Start of Block

(* In the $(3,2,2)$ scenario, the correlation $p(\vec x|\vec a)=\tfrac12\delta_{\vec x,(a_3,a_1,a_2)}+\tfrac12\delta_{\vec x,(\bar a_3,\bar a_1,\bar a_2)}$ (which has $p_{\rm gynin}=1$) is probabilistically consistent — it is realized by the Baumeler–Feix–Wolf classical process $p(\vec i|\vec o)=\tfrac12\delta_{\vec i,(o_3,o_1,o_2)}+\tfrac12\delta_{\vec i,(\bar o_3,\bar o_1,\bar o_2)}$ (with $I_k=O_k=\{0,1\}$) under the local interventions $p(x_k,o_k|a_k,i_k)=\delta_{x_k,i_k}\delta_{o_k,a_k}$ — but is not deterministically consistent. Consequently the set $\mathcal{DC}$ of deterministically consistent correlations is strictly contained in the set $\mathcal{PC}$ of probabilistically consistent correlations.
   Context: $(3,2,2)$ scenario: three parties, $a_k,x_k\in\{0,1\}$, $\bar a=1\oplus a$. $p_{\rm gynin}=\frac18\sum_{\vec a}\big[p((a_3,a_1,a_2)|\vec a)+p((\bar a_3,\bar a_1,\bar a_2)|\vec a)\big]$. For finite sets $I_k,O_k$, a conditional distribution $p(\vec i|\vec o)$ is a classical process if for all finite setting/outcome sets and all local interventions $p(x_k,o_k|a_k,i_k)$, the expression $\sum_{\vec i,\vec o}\prod_kp(x_k,o_k|a_k,i_k)p(\vec i|\vec o)$ is a valid conditional distribution over $\vec x$ for every $\vec a$. A process function is $\omega:\vec O\to\vec I$ with $\delta_{\vec i,\omega(\vec o)}$ a classical process. A correlation is probabilistically consistent ($\in\mathcal{PC}$) if it equals $\sum_{\vec i,\vec o}\prod_kp(x_k,o_k|a_k,i_k)p(\vec i|\vec o)$ for some finite $I_k,O_k$, local interventions, and a classical process $p(\vec i|\vec o)$; it is deterministically consistent ($\in\mathcal{DC}$) if moreover $p(\vec i|\vec o)$ can be taken to be a convex combination of process functions $\delta_{\vec i,\omega(\vec o)}$. *)

theory Defs
  imports Complex_Main
begin

type_synonym vec3 = "nat \<times> nat \<times> nat"

definition cond_dist :: "('b \<Rightarrow> 'a \<Rightarrow> real) \<Rightarrow> 'b set \<Rightarrow> 'a set \<Rightarrow> bool" where
  "cond_dist p Y Z \<longleftrightarrow> (\<forall>z\<in>Z. (\<forall>y\<in>Y. 0 \<le> p y z) \<and> (\<Sum>y\<in>Y. p y z) = 1)"

text \<open>A local intervention q x o a i = p(x,o|a,i) with settings A, outcomes X,
inputs I and outputs O.\<close>
definition local_intervention ::
  "(nat \<Rightarrow> nat \<Rightarrow> nat \<Rightarrow> nat \<Rightarrow> real) \<Rightarrow> nat set \<Rightarrow> nat set \<Rightarrow> nat set \<Rightarrow> nat set \<Rightarrow> bool" where
  "local_intervention q A X I Outs \<longleftrightarrow>
     cond_dist (\<lambda>(x, u) (a, i). q x u a i) (X \<times> Outs) (A \<times> I)"

definition induced ::
  "(nat \<Rightarrow> nat \<Rightarrow> nat \<Rightarrow> nat \<Rightarrow> real) \<Rightarrow> (nat \<Rightarrow> nat \<Rightarrow> nat \<Rightarrow> nat \<Rightarrow> real) \<Rightarrow>
   (nat \<Rightarrow> nat \<Rightarrow> nat \<Rightarrow> nat \<Rightarrow> real) \<Rightarrow> (vec3 \<Rightarrow> vec3 \<Rightarrow> real) \<Rightarrow>
   nat set \<Rightarrow> nat set \<Rightarrow> nat set \<Rightarrow> nat set \<Rightarrow> nat set \<Rightarrow> nat set \<Rightarrow>
   vec3 \<Rightarrow> vec3 \<Rightarrow> real" where
  "induced q1 q2 q3 p I1 I2 I3 O1 O2 O3 =
     (\<lambda>(x1, x2, x3) (a1, a2, a3).
        \<Sum>(i1, i2, i3)\<in>I1 \<times> I2 \<times> I3. \<Sum>(o1, o2, o3)\<in>O1 \<times> O2 \<times> O3.
          q1 x1 o1 a1 i1 * q2 x2 o2 a2 i2 * q3 x3 o3 a3 i3 * p (i1, i2, i3) (o1, o2, o3))"

definition classical_process ::
  "(vec3 \<Rightarrow> vec3 \<Rightarrow> real) \<Rightarrow> nat set \<Rightarrow> nat set \<Rightarrow> nat set \<Rightarrow> nat set \<Rightarrow> nat set \<Rightarrow> nat set \<Rightarrow> bool" where
  "classical_process p I1 I2 I3 O1 O2 O3 \<longleftrightarrow>
     cond_dist p (I1 \<times> I2 \<times> I3) (O1 \<times> O2 \<times> O3) \<and>
     (\<forall>A1 A2 A3 X1 X2 X3 :: nat set. \<forall>q1 q2 q3.
        finite A1 \<and> finite A2 \<and> finite A3 \<and> finite X1 \<and> finite X2 \<and> finite X3 \<and>
        local_intervention q1 A1 X1 I1 O1 \<and> local_intervention q2 A2 X2 I2 O2 \<and>
        local_intervention q3 A3 X3 I3 O3 \<longrightarrow>
        cond_dist (induced q1 q2 q3 p I1 I2 I3 O1 O2 O3) (X1 \<times> X2 \<times> X3) (A1 \<times> A2 \<times> A3))"

definition delta_proc :: "(vec3 \<Rightarrow> vec3) \<Rightarrow> vec3 \<Rightarrow> vec3 \<Rightarrow> real" where
  "delta_proc \<omega> = (\<lambda>i u. if i = \<omega> u then 1 else 0)"

definition process_function ::
  "(vec3 \<Rightarrow> vec3) \<Rightarrow> nat set \<Rightarrow> nat set \<Rightarrow> nat set \<Rightarrow> nat set \<Rightarrow> nat set \<Rightarrow> nat set \<Rightarrow> bool" where
  "process_function \<omega> I1 I2 I3 O1 O2 O3 \<longleftrightarrow>
     (\<forall>u\<in>O1 \<times> O2 \<times> O3. \<omega> u \<in> I1 \<times> I2 \<times> I3) \<and>
     classical_process (delta_proc \<omega>) I1 I2 I3 O1 O2 O3"

definition binset :: "nat set" where "binset = {0, 1}"

definition bitvec :: "vec3 set" where "bitvec = binset \<times> binset \<times> binset"

definition bar :: "nat \<Rightarrow> nat" where "bar a = 1 - a"

type_synonym correlation = "vec3 \<Rightarrow> vec3 \<Rightarrow> real"  (* P x a = p(x|a) *)

definition realizes ::
  "correlation \<Rightarrow> (vec3 \<Rightarrow> vec3 \<Rightarrow> real) \<Rightarrow> nat set \<Rightarrow> nat set \<Rightarrow> nat set \<Rightarrow> nat set \<Rightarrow> nat set \<Rightarrow> nat set \<Rightarrow>
   (nat \<Rightarrow> nat \<Rightarrow> nat \<Rightarrow> nat \<Rightarrow> real) \<Rightarrow> (nat \<Rightarrow> nat \<Rightarrow> nat \<Rightarrow> nat \<Rightarrow> real) \<Rightarrow>
   (nat \<Rightarrow> nat \<Rightarrow> nat \<Rightarrow> nat \<Rightarrow> real) \<Rightarrow> bool" where
  "realizes P p I1 I2 I3 O1 O2 O3 q1 q2 q3 \<longleftrightarrow>
     finite I1 \<and> finite I2 \<and> finite I3 \<and> finite O1 \<and> finite O2 \<and> finite O3 \<and>
     I1 \<noteq> {} \<and> I2 \<noteq> {} \<and> I3 \<noteq> {} \<and> O1 \<noteq> {} \<and> O2 \<noteq> {} \<and> O3 \<noteq> {} \<and>
     classical_process p I1 I2 I3 O1 O2 O3 \<and>
     local_intervention q1 binset binset I1 O1 \<and> local_intervention q2 binset binset I2 O2 \<and>
     local_intervention q3 binset binset I3 O3 \<and>
     (\<forall>x\<in>bitvec. \<forall>a\<in>bitvec. P x a = induced q1 q2 q3 p I1 I2 I3 O1 O2 O3 x a)"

End of Block

◆ EXERCISE INSTRUCTIONS
Your task is to find each line in the entries that contains the string "binset" and copy it.

◆ TASK ANSWER
definition binset :: "nat set" where "binset = {0, 1}"
definition bitvec :: "vec3 set" where "bitvec = binset \<times> binset \<times> binset"
     local_intervention q1 binset binset I1 O1 \<and> local_intervention q2 binset binset I2 O2 \<and>
     local_intervention q3 binset binset I3 O3 \<and>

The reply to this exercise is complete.